MEMORANDUM AND ORDER

MORRISON C. ENGLAND, JR., Chief Judge.

The present lawsuit challenges several changes California has implemented with respect to its payment for services provided to developmentally disabled individuals under the federally funded Medicaid program.

Plaintiffs are the ARC of California (“ARC”) and the Cerebral Palsy Association of San Diego (“CPA”).1 Arc is a statewide organization comprised of individuals with intellectual and developmental disabilities (“I/DD”), their families and their home and community-based service providers. CPA is an non-profit organization serving the needs of individuals with cerebral palsy in San Diego and is affiliat[1116]*1116ed with the national cerebral palsy association.

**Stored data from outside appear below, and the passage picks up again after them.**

lemma beta_star_mean:
  assumes "0 < \<rho>" "\<rho> < 1"
  shows "(beta_star \<rho> + 1 / beta_star \<rho>) / 2 = (2 - \<rho>) / \<rho>"
proof -
  define s where "s = sqrt (1 - \<rho>)"
  have "0 < s" "s < 1"
    using assms by (auto simp: s_def)
  hence "(1 - s) / (1 + s) + (1 + s) / (1 - s) = 2 * (1 + s\<^sup>2) / (1 - s\<^sup>2)"
    by (simp add: field_simps power2_eq_square)
  also have "\<dots> = 2 * (2 - \<rho>) / \<rho>"
    using assms by (simp add: s_def)
  finally show ?thesis
    using assms by (simp add: beta_star_def s_def [symmetric] field_simps)
qed

definition p_0 :: "real \<Rightarrow> nat \<Rightarrow> real poly" where
  "p_0 \<rho> k = smult (1 / (2 - \<rho> ^ k)) (monom 2 k + [:- (\<rho> ^ k):])"

definition p_1 :: "real \<Rightarrow> nat \<Rightarrow> real poly" where
  "p_1 \<rho> k = smult (1 / poly (cheb k) (1 / \<rho>)) (pcompose (cheb k) [:0, 1 / \<rho>:])"

lemma admissible_p_0:
  assumes "0 < \<rho>" "\<rho> < 1" "0 < k"
  shows "admissible \<rho> k (C_0 \<rho> k) (\<rho> ^ k / (2 - \<rho> ^ k)) (p_0 \<rho> k)"
  unfolding admissible_def
proof (intro conjI ballI)
  have r: "0 < \<rho> ^ k" "\<rho> ^ k < 1"
    using assms by (auto simp: power_less_one_iff)
  show "degree (p_0 \<rho> k) \<le> k"
    unfolding p_0_def by (intro order_trans[OF degree_smult_le] degree_add_le degree_monom_le) auto
  show "poly (p_0 \<rho> k) 1 = 1"
    using r by (simp add: p_0_def poly_monom)
  have "l1_coeffs (monom 2 k + [:- (\<rho> ^ k):]) \<le> 2 + \<rho> ^ k"
    using l1_coeffs_add_le[of "monom 2 k" "[:- (\<rho> ^ k):]"] r
    by (simp add: l1_coeffs_monom l1_coeffs_const)
  thus "l1_coeffs (p_0 \<rho> k) \<le> C_0 \<rho> k"
    using r by (simp add: p_0_def l1_coeffs_smult C_0_def divide_right_mono)
  fix x assume "x \<in> {0..\<rho>}"
  hence "0 \<le> x ^ k" "x ^ k \<le> \<rho> ^ k"
    by (auto intro: power_mono)
  hence "\<bar>2 * x ^ k - \<rho> ^ k\<bar> \<le> \<rho> ^ k"
    by linarith
  thus "\<bar>poly (p_0 \<rho> k) x\<bar> \<le> \<rho> ^ k / (2 - \<rho> ^ k)"
    using r by (simp add: p_0_def poly_monom divide_right_mono)
qed

lemma admissible_p_1:
  assumes "0 < \<rho>" "\<rho> < 1"
  shows "admissible \<rho> k (C_1 \<rho> k) (rho_1 \<rho> k) (p_1 \<rho> k)"
  unfolding admissible_def
proof (intro conjI ballI)
  let ?T = "poly (cheb k) (1 / \<rho>)"
  have T_pos: "0 < ?T" and T_inv: "1 / ?T = rho_1 \<rho> k"
    using cheb_at_mean_pos[of "beta_rho \<rho>" k] inverse_cheb_at_mean[of "beta_rho \<rho>" k]
    by (simp_all add: beta_rho_pos beta_rho_mean assms rho_1_def)
  show "degree (p_1 \<rho> k) \<le> k"
    unfolding p_1_def by (rule order_trans[OF degree_smult_le]) (simp add: degree_pcompose degree_cheb)
  show "poly (p_1 \<rho> k) 1 = 1"
    using T_pos by (simp add: p_1_def poly_pcompose)
  define s where "s = sqrt (1 + \<rho>\<^sup>2)"
  have "l1_coeffs (pcompose (cheb k) [:0, 1 / \<rho>:]) \<le> (((1 + s) / \<rho>) ^ k + ((1 - s) / \<rho>) ^ k) / 2"
    using assms
    by (intro l1_coeffs_cheb_scaled_le) (auto simp: s_def field_simps power2_eq_square)
  hence "l1_coeffs (p_1 \<rho> k) \<le> 1 / ?T * ((((1 + s) / \<rho>) ^ k + ((1 - s) / \<rho>) ^ k) / 2)"
    using T_pos by (simp add: p_1_def l1_coeffs_smult field_simps)
  also have "\<dots> = C_1 \<rho> k"
    using assms T_inv by (simp add: C_1_def s_def power_divide field_simps)
  finally show "l1_coeffs (p_1 \<rho> k) \<le> C_1 \<rho> k" .
  fix x assume "x \<in> {0..\<rho>}"
  hence "\<bar>poly (cheb k) (x / \<rho>)\<bar> \<le> 1"
    using assms by (intro abs_poly_cheb_le_1) auto
  hence "\<bar>poly (p_1 \<rho> k) x\<bar> \<le> 1 / ?T"
    using T_pos by (simp add: p_1_def poly_pcompose abs_mult divide_right_mono mult.commute)
  thus "\<bar>poly (p_1 \<rho> k) x\<bar> \<le> rho_1 \<rho> k"
    using T_inv by simp
qed

lemma admissible_p_star:
  assumes "0 < \<rho>" "\<rho> < 1"
  shows "admissible \<rho> k (C_star \<rho> k) (rho_star \<rho> k) (p_star \<rho> k)"
  unfolding admissible_def
proof (intro conjI ballI)
  let ?T = "poly (cheb k) ((2 - \<rho>) / \<rho>)"
  have T_pos: "0 < ?T" and T_inv: "1 / ?T = rho_star \<rho> k"
    using cheb_at_mean_pos[of "beta_star \<rho>" k] inverse_cheb_at_mean[of "beta_star \<rho>" k]
    by (simp_all add: beta_star_pos beta_star_mean assms rho_star_def)
  have shift: "-1 + x * (2 / \<rho>) = (2 * x - \<rho>) / \<rho>" for x
    using assms by (simp add: field_simps)
  show "degree (p_star \<rho> k) \<le> k"
    unfolding p_star_def by (rule order_trans[OF degree_smult_le]) (simp add: degree_pcompose degree_cheb)
  show "poly (p_star \<rho> k) 1 = 1"
    using T_pos shift[of 1] by (simp add: p_star_def poly_pcompose)
  show "l1_coeffs (p_star \<rho> k) \<le> C_star \<rho> k"
    by (simp add: C_star_def)
  fix x assume "x \<in> {0..\<rho>}"
  hence "\<bar>poly (cheb k) ((2 * x - \<rho>) / \<rho>)\<bar> \<le> 1"
    using assms by (intro abs_poly_cheb_le_1) (auto simp: abs_le_iff field_simps)
  hence "\<bar>poly (p_star \<rho> k) x\<bar> \<le> 1 / ?T"
    using T_pos shift
    by (simp add: p_star_def poly_pcompose abs_mult divide_right_mono mult.commute)
  thus "\<bar>poly (p_star \<rho> k) x\<bar> \<le> rho_star \<rho> k"
    using T_inv by simp
qed

lemma one_le_C_0: "0 \<le> \<rho> \<Longrightarrow> \<rho> < 1 \<Longrightarrow> 1 \<le> C_0 \<rho> k"
  using power_less_one_iff[of \<rho> k] by (cases "k = 0") (auto simp: C_0_def)

lemma alpha_0_eq:
  assumes "0 < \<rho>" "\<rho> < 1" "0 < k"
  shows "3 * alpha_0 \<rho> k * real k * C_0 \<rho> k = \<rho> ^ k - \<rho> ^ k / (2 - \<rho> ^ k)"
proof -
  define t where "t = \<rho> ^ k"
  have t: "0 < t" "t < 1"
    using assms by (auto simp: t_def power_less_one_iff)
  have "3 * alpha_0 \<rho> k * real k * C_0 \<rho> k = t * (1 - t) / (2 + t) * ((2 + t) / (2 - t))"
    using assms by (simp add: alpha_0_def C_0_def t_def)
  also have "\<dots> = t * (1 - t) / (2 - t)"
    using t by simp
  also have "\<dots> = t - t / (2 - t)"
    using t by (simp add: field_simps)
  finally show ?thesis by (simp add: t_def)
qed

lemma p_0_bound_at_C_0:
  assumes "0 < \<rho>" "\<rho> < 1" "0 < k" "\<alpha> < alpha_0 \<rho> k"
  shows "\<rho> ^ k / (2 - \<rho> ^ k) + 3 * \<alpha> * real k * C_0 \<rho> k < \<rho> ^ k"
proof -
  have "3 * \<alpha> * real k * C_0 \<rho> k < 3 * alpha_0 \<rho> k * real k * C_0 \<rho> k"
    using assms one_le_C_0[of \<rho> k] by (intro mult_strict_right_mono) auto
  thus ?thesis using alpha_0_eq[OF assms(1-3)] by simp
qed

lemma penalty_bound_of_alpha_less:
  assumes "\<alpha> < (t - M) / (3 * real k * C)" "0 < k" "0 < C"
  shows "M + 3 * \<alpha> * real k * C < t"
  using assms by (simp add: less_divide_eq algebra_simps)

lemma rho_hat_less_from_C_0:
  assumes "0 < \<rho>" "\<rho> < 1" "0 < k" "\<alpha> < alpha_0 \<rho> k"
    and "admissible \<rho> k c1 M1 p1" "M1 + 3 * \<alpha> * real k * c1 < \<rho> ^ k"
    and "C \<in> {C_0 \<rho> k..c1}"
  shows "rho_hat \<rho> \<alpha> k C < \<rho> ^ k"
  by (rule rho_hat_less_on_segment[OF _ admissible_p_0[OF assms(1-3)]
        p_0_bound_at_C_0[OF assms(1-4)] assms(5,6)])
     (use assms in auto)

Plaintiffs’ Motion for Preliminary Injunction is now before this Court. That Motion seeks to enjoin California from continuing to implement a 1.25 percent pay rate reduction to disabled service providers passed by the Legislature in 2012, as well as enforcement of mandatory unpaid holidays for providers and a “half day billing” rule in which providers cannot be reimbursed for a full day if their client chooses to leave early for whatever reason, even if the provider has to maintain a full day slot for providing services to the individual.

Injunctive relief is sought pursuant to the complaint under three federal sources. Plaintiffs first seek to enjoin the State’s billing reductions under the Medicaid Act. They alternatively seek an injunction under both the Americans with Disabilities Act of 1990, 42 U.S.C. § 12101 et seq. (“ADA”) and the Rehabilitation Act of 1973, 29 U.S.C. § 794, et seq. (“Rehabilitation Act”).

BACKGROUND

Medicaid is a cooperative federal state program designed to provide, pursuant to the Medicaid Act, federal assistance to participating states for the costs of providing medical treatment and services to the poor, elderly and disabled. 42 U.S.C. § 1396. Although state participation in funding available from Medicaid is voluntary, if a state does participate it must comply with the Medicaid Act and its implementing regulations promulgated by the Secretary of Health and Human Services (“HHS”). Wilder v. Va. Hosp. Ass’n, 496 U.S. 498, 502, 110 S.Ct. 2510, 110 L.Ed.2d 455 (1990). Administration of the Medicaid program, however, is entrusted by HHS to CMS.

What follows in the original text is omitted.